But now after I have everything installed and configured I think I have made a mistake by having everything on /. I would prefer to limit / to ~50GB and make a third raid 6 array /dev/md2 from the fourth partition of each disk by shrinking /dev/md1 using mdadm. I have googled a few times but I can not find any real example of how this is done. I assume that mdadm in this config will not reduce the partition size when I shrink the array. is this correct? Then how do I calculate the exact partition size to enter into fdisk? 
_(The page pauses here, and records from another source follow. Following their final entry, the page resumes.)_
(* Let $U$ be a $p$-qubit unitary, $\mathcal{C}$ a quantum code, and $\mathcal{F}$ a family of circuits closed under composition. Then $U$ is $\mathcal{F}$-addressable on $\mathcal{C}$ if and only if $U$ is $\mathcal{F}$-parallel addressable on $\mathcal{C}$.
   Context: Fix logical Pauli operators for the $k$ logical qubits of $\mathcal{C}$, so that each logical operator (unitary preserving the codespace) has a well-defined logical action. $U$ is $\mathcal{F}$-addressable on $\mathcal{C}$ if for every ordered $p$-tuple $t$ of logical qubits there is a circuit in $\mathcal{F}$ that is a logical operator with logical action $\bar U$ on $t$ (and identity on the other logical qubits). $U$ is $\mathcal{F}$-parallel addressable on $\mathcal{C}$ if for every set $I$ of pairwise disjoint ordered $p$-tuples of logical qubits there is a circuit in $\mathcal{F}$ that is a logical operator with logical action $\bar U$ applied to every tuple in $I$ (and identity on the other logical qubits). *)

theory Defs
  imports Complex_Main "Jordan_Normal_Form.Matrix"
begin

definition dagger :: "complex mat \<Rightarrow> complex mat" where
  "dagger A = mat (dim_col A) (dim_row A) (\<lambda>(i,j). cnj (A $$ (j,i)))"

definition unitary_mat :: "nat \<Rightarrow> complex mat \<Rightarrow> bool" where
  "unitary_mat d V \<longleftrightarrow> V \<in> carrier_mat d d \<and> dagger V * V = 1\<^sub>m d \<and> V * dagger V = 1\<^sub>m d"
Am I wasting my time with trying to shrink the array this way and instead should I just copy / to a new disk and just delete the /dev/md1 and recreate and copy everything back??

----------

## drescherjm

I believe I am going to try the second method of copying a / to a different disk. Time to get out that livecd...

----------

## drescherjm

I ended up trying both methods (made two backups of my data one with cp the other with partimage) and because I did not know that the size param in mdadm --grow is in blocks I really messed up things so I ended up deleting the raid array completly and creating the new raid6 arrays and then copying the data back with cp. A word of warning if you are going to reduce the size of a partition and use partimage reduce first as partimage will not let you put a 1.2TB reiserfs filesystem with only 4.5GB used onto a 40GB partition! 

BTW, If anyone actually wants to do this in the future I believe I now know the correct steps to do this via the madam --grow comamnd, fdisk and resize_reiserfs. 

Here goes:

WARNING, I can not gaurantee that you will not loose any data if you follow these steps.
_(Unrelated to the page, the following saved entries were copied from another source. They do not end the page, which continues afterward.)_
lemma measure_UN_overlapping_chain:
  assumes meas: "\<And>k. A k \<in> fmeasurable M"
    and measure_A: "\<And>k. measure M (A k) = a"
    and overlap: "\<And>k. k \<ge> 1 \<Longrightarrow> measure M (A k \<inter> (\<Union>j<k. A j)) = c"
    and "n \<ge> 1"
  shows "measure M (\<Union>k<n. A k) = real n * a - (real n - 1) * c"
  using \<open>n \<ge> 1\<close>
proof (induction n rule: dec_induct)
  case base
  then show ?case
    using measure_A[of 0] by (simp add: lessThan_Suc)
next
  case (step n)
  have "(\<Union>k<Suc n. A k) = (\<Union>k<n. A k) \<union> A n"
    by (auto simp: lessThan_Suc)
  moreover have "(\<Union>k<n. A k) \<in> fmeasurable M"
    using meas by auto
  ultimately have "measure M (\<Union>k<Suc n. A k) = measure M (\<Union>k<n. A k) + a - c"
    using measure_Un3[OF _ meas[of n]] measure_A[of n] overlap[OF step(1)] by (simp add: Int_commute)
  then show ?case
    using step.IH by (simp add: algebra_simps)
qed

lemma measure_Union_translated_cboxes:
  fixes L D H :: "real^2"
  assumes D_le_H: "\<And>i. \<bar>D$i\<bar> \<le> H$i" and "M \<ge> 1"
  shows "measure lebesgue (\<Union>k<M. cbox (L + real k *\<^sub>R D) (L + real k *\<^sub>R D + H))
    = real M * (H$1 * H$2) - (real M - 1) * ((H$1 - \<bar>D$1\<bar>) * (H$2 - \<bar>D$2\<bar>))"
proof (rule measure_UN_overlapping_chain)
  define corner where "corner k = L + real k *\<^sub>R D" for k
  have H_nonneg: "0 \<le> H$i" for i
    using D_le_H[of i] by linarith
  show "measure lebesgue (cbox (corner k) (corner k + H)) = H$1 * H$2" for k
    using H_nonneg by (subst measure_cbox_2) auto
  show "measure lebesgue (cbox (corner k) (corner k + H) \<inter> (\<Union>j<k. cbox (corner j) (corner j + H)))
      = (H$1 - \<bar>D$1\<bar>) * (H$2 - \<bar>D$2\<bar>)" if "k \<ge> 1" for k
  proof -
    define lo where "lo = (\<chi> i. max (corner k $ i) (corner (k - 1) $ i))"
    define hi where "hi = (\<chi> i. min (corner k $ i) (corner (k - 1) $ i) + H$i)"
    have "cbox (corner k) (corner k + H) \<inter> (\<Union>j<k. cbox (corner j) (corner j + H))
        = cbox (corner k) (corner k + H) \<inter> cbox (corner (k - 1)) (corner (k - 1) + H)"
    proof (intro equalityI subsetI)
      fix x assume "x \<in> cbox (corner k) (corner k + H) \<inter> (\<Union>j<k. cbox (corner j) (corner j + H))"
      then obtain j where "j < k" "x \<in> cbox (corner j) (corner j + H) \<inter> cbox (corner k) (corner k + H)"
        by blast
      moreover have "corner (k - 1) \<in> closed_segment (corner j) (corner k)"
        unfolding corner_def using \<open>j < k\<close> by (intro add_scaleR_in_closed_segment) auto
      ultimately show "x \<in> cbox (corner k) (corner k + H) \<inter> cbox (corner (k - 1)) (corner (k - 1) + H)"
        using Int_translated_cbox_subset by blast
    next
      fix x assume "x \<in> cbox (corner k) (corner k + H) \<inter> cbox (corner (k - 1)) (corner (k - 1) + H)"
      then show "x \<in> cbox (corner k) (corner k + H) \<inter> (\<Union>j<k. cbox (corner j) (corner j + H))"
        using \<open>k \<ge> 1\<close> by auto
    qed
    also have "\<dots> = cbox lo hi"
      by (simp add: lo_def hi_def Int_interval_cart interval_cbox_cart min_add_distrib_left)
    also have "measure lebesgue (cbox lo hi) = (H$1 - \<bar>D$1\<bar>) * (H$2 - \<bar>D$2\<bar>)"
    proof -
      have "corner (k - 1) = corner k - D"
        using \<open>k \<ge> 1\<close> by (simp add: corner_def algebra_simps)
      then have width: "hi$i - lo$i = H$i - \<bar>D$i\<bar>" for i
        by (auto simp: lo_def hi_def min_def max_def)
      have "lo$i \<le> hi$i" for i
        using width[of i] D_le_H[of i] by linarith
      then have "measure lebesgue (cbox lo hi) = (hi$1 - lo$1) * (hi$2 - lo$2)"
        by (rule measure_cbox_2)
      then show ?thesis
        by (simp add: width)
    qed
    finally show ?thesis .
  qed
qed (use \<open>M \<ge> 1\<close> in auto)

lemma Inf_Sup_affine_unit_cube:
  fixes K :: real and g :: "'n::finite \<Rightarrow> real"
  defines "S \<equiv> {K + (\<Sum>j\<in>UNIV. l$j * g j) | l::real^'n. \<forall>j. 0 \<le> l$j \<and> l$j \<le> 1}"
  shows "Inf S = K + (\<Sum>j\<in>UNIV. min 0 (g j))"
    and "Sup S = K + (\<Sum>j\<in>UNIV. max 0 (g j))"
proof -
  have bounds: "min 0 (g j) \<le> l$j * g j \<and> l$j * g j \<le> max 0 (g j)"
    if "0 \<le> l$j" "l$j \<le> 1" for l :: "real^'n" and j
  proof (cases "g j \<ge> 0")
    case True
    then show ?thesis
      using that mult_right_mono[of "l$j" 1 "g j"] by simp
  next
    case False
    then show ?thesis
      using that mult_right_mono_neg[of "l$j" 1 "g j"] by (simp add: mult_nonneg_nonpos)
  qed
  have "K + (\<Sum>j\<in>UNIV. min 0 (g j)) \<in> S"
    unfolding S_def
    by (rule CollectI, rule exI[of _ "\<chi> j. if g j < 0 then 1 else 0"]) (auto intro!: sum.cong)
  then show "Inf S = K + (\<Sum>j\<in>UNIV. min 0 (g j))"
    by (rule cInf_eq_minimum) (auto simp: S_def bounds intro!: sum_mono)
  have "K + (\<Sum>j\<in>UNIV. max 0 (g j)) \<in> S"
    unfolding S_def
    by (rule CollectI, rule exI[of _ "\<chi> j. if g j > 0 then 1 else 0"]) (auto intro!: sum.cong)
  then show "Sup S = K + (\<Sum>j\<in>UNIV. max 0 (g j))"
    by (rule cSup_eq_maximum) (auto simp: S_def bounds intro!: sum_mono)
qed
Step 1: Use resize_reiserfs to trim your reiserfs filesystem to a size that you know will be smaller size of the new array. You can always run resize again with no params and reiserfs will make the filesystem the size of the raid array.
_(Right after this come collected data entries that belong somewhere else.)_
(* Let $h(x,u)$ be a symmetric ($h(x,u)=h(u,x)$) polynomial of degree at most two in each of $x,u$, with discriminant $h_u^2-2hh_{uu}=r(x)$. Then: - if $r=0$: either $h=\frac1\alpha(x-u)^2$ for a constant $\alpha$ (q0), or $h=(\gamma_0xu+\gamma_1(x+u)+\gamma_2)^2$ for constants $\gamma_i$ (h1); - if $r=1$: either $h=\frac{1}{2\alpha}(x-u)^2-\frac\alpha2$ (q1), or $h=\gamma_0(x+u)^2+\gamma_1(x+u)+\gamma_2$ with $\gamma_1^2-4\gamma_0\gamma_2=1$ (h2); - if $r=x$: $h=\frac{1}{4\alpha}(x-u)^2-\frac\alpha2(x+u)+\frac{\alpha^3}{4}$ (q2); - if $r=x^2$: $h=\gamma_0x^2u^2+\gamma_1xu+\gamma_2$ with $\gamma_1^2-4\gamma_0\gamma_2=1$ (h3), or $h$ is of the form (q3) below with $\delta=0$; - if $r=x^2-\delta^2$: $h=\frac{\alpha}{1-\alpha^2}(x^2+u^2)-\frac{1+\alpha^2}{1-\alpha^2}xu+\delta^2\frac{1-\alpha^2}{4\alpha}$ (q3); - if $r=4x^3-g_2x-g_3$ with $g_2^3-27g_3^2\neq0$: $h=\frac{1}{\sqrt{r(\alpha)}}\Big[\big(xu+\alpha(x+u)+g_2/4\big)^2-(x+u+\alpha)(4\alpha xu-g_3)\Big]$ (q4). In each case $\alpha$ denotes a constant (for which the expression is defined) and $\sqrt{r(\alpha)}$ denotes either square root.
   Context: Subscripts denote partial derivatives; $h_u^2-2hh_{uu}$ is the discriminant of $h$ as a quadratic polynomial in $u$ and is a polynomial in $x$ of degree at most four. *)

theory Defs
  imports "HOL-Analysis.Analysis"
begin

definition biq :: "(nat \<Rightarrow> nat \<Rightarrow> complex) \<Rightarrow> complex \<Rightarrow> complex \<Rightarrow> complex" where
  "biq a x u = (\<Sum>i\<le>2. \<Sum>j\<le>2. a i j * x ^ i * u ^ j)"

definition biq_disc :: "(nat \<Rightarrow> nat \<Rightarrow> complex) \<Rightarrow> complex \<Rightarrow> complex \<Rightarrow> complex" where
  "biq_disc a x u =
     (deriv (\<lambda>v. biq a x v) u)\<^sup>2 - 2 * biq a x u * deriv (deriv (\<lambda>v. biq a x v)) u"

end

theory Submission
  imports Defs
begin

(* By symmetry h = p x^2 u^2 + q x u (x + u) + c (x^2 + u^2) + s x u + t (x + u) + w. Viewed as
   A u^2 + B u + C, h has h_u^2 - 2 h h_uu = B^2 - 4 A C, a quartic in x whose coefficients are
   quadratic forms in p, ..., w, so each prescribed r is a polynomial system in six unknowns.
   Its x^4 and x^3 equations force p r1 = q r2 and 4 p^2 r0 = q^2 r2 when r = r0 + r1 x + r2 x^2; hence
   p <> 0 only for the squares (h1), (h3) and for the cubic (q4), where p, q, s parametrize
   everything. For p = q = 0 the system is t^2 - 4 c w = r0, 2 t (s - 2 c) = r1,
   (s - 2 c) (s + 2 c) = r2, and the hyperbola (s - 2 c) (s + 2 c) = 1 of (q3) is parametrized
   rationally by alpha. *)

lemma quadratic_eq_0_iff:
  fixes c0 c1 c2 :: "'a::{idom, ring_char_0}"
  shows "(\<forall>x. c0 + c1 * x + c2 * x\<^sup>2 = 0) \<longleftrightarrow> c0 = 0 \<and> c1 = 0 \<and> c2 = 0"
proof -
  have "poly [:c0, c1, c2:] x = c0 + c1 * x + c2 * x\<^sup>2" for x
    by (simp add: algebra_simps power2_eq_square)
  then have "(\<forall>x. c0 + c1 * x + c2 * x\<^sup>2 = 0) \<longleftrightarrow> [:c0, c1, c2:] = 0"
    by (metis poly_all_0_iff_0)
  then show ?thesis
    by simp
qed

lemma biq_eq_0_coeffs:
  assumes "\<forall>x u. biq b x u = 0" and "i \<le> 2" and "j \<le> 2"
  shows "b i j = 0"
proof -
  define P where "P i u = b i 0 + b i 1 * u + b i 2 * u\<^sup>2" for i u
  have "biq b x u = P 0 u + P 1 u * x + P 2 u * x\<^sup>2" for x u
    unfolding biq_def P_def by (simp add: numeral_2_eq_2 atMost_Suc algebra_simps)
  then have "P 0 u = 0 \<and> P 1 u = 0 \<and> P 2 u = 0" for u
    using assms(1) quadratic_eq_0_iff[of "P 0 u" "P 1 u" "P 2 u"] by simp
  then have "\<forall>u. P i u = 0"
    using assms(2) by (auto simp: le_Suc_eq numeral_2_eq_2)
  then show ?thesis
    using assms(3) quadratic_eq_0_iff[of "b i 0" "b i 1" "b i 2"]
    by (auto simp: P_def le_Suc_eq numeral_2_eq_2)
qed

definition sym_biq :: "'a::comm_ring_1 \<Rightarrow> 'a \<Rightarrow> 'a \<Rightarrow> 'a \<Rightarrow> 'a \<Rightarrow> 'a \<Rightarrow> 'a \<Rightarrow> 'a \<Rightarrow> 'a" where
  "sym_biq p q c s t w x u =
     p * x\<^sup>2 * u\<^sup>2 + q * x * u * (x + u) + c * (x\<^sup>2 + u\<^sup>2) + s * x * u + t * (x + u) + w"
# resize_reiserfs -s 10G /dev/md1

Step 2: Use fdisk to reduce the the size of the partition in question on the first disk and also while your at it create a partition for the next arrray. Record the size of the partition yor resized in number of blocks (save this for step 5).

Step 3: Duplicate the partition table on all array members:

Use sfdisk -d /dev/<first_disk> | sfdisk /dev/<next_disk> 

Warning this assumes you have/want an identical partition table on all disks. 

Step 4: Repeate step 3 for all remaining disks...

Step 5: Use the number of blocks you saved from step 2 to resize the array

# mdadm -G /dev/md1 --size=<block_count>

Step 6: Run resize_reiserfs again to reize the filesystem to the size of the array (this time no size param is needed)

# resize_reiserfs /dev/md1

Step 7:

Create the array /dev/md2. If you are at this point you should have done this a few times before but here is what I did:

# mdadm -C /dev/md2 -l6 --chunk=256 -n6 /dev/sd[abcdef]4

----------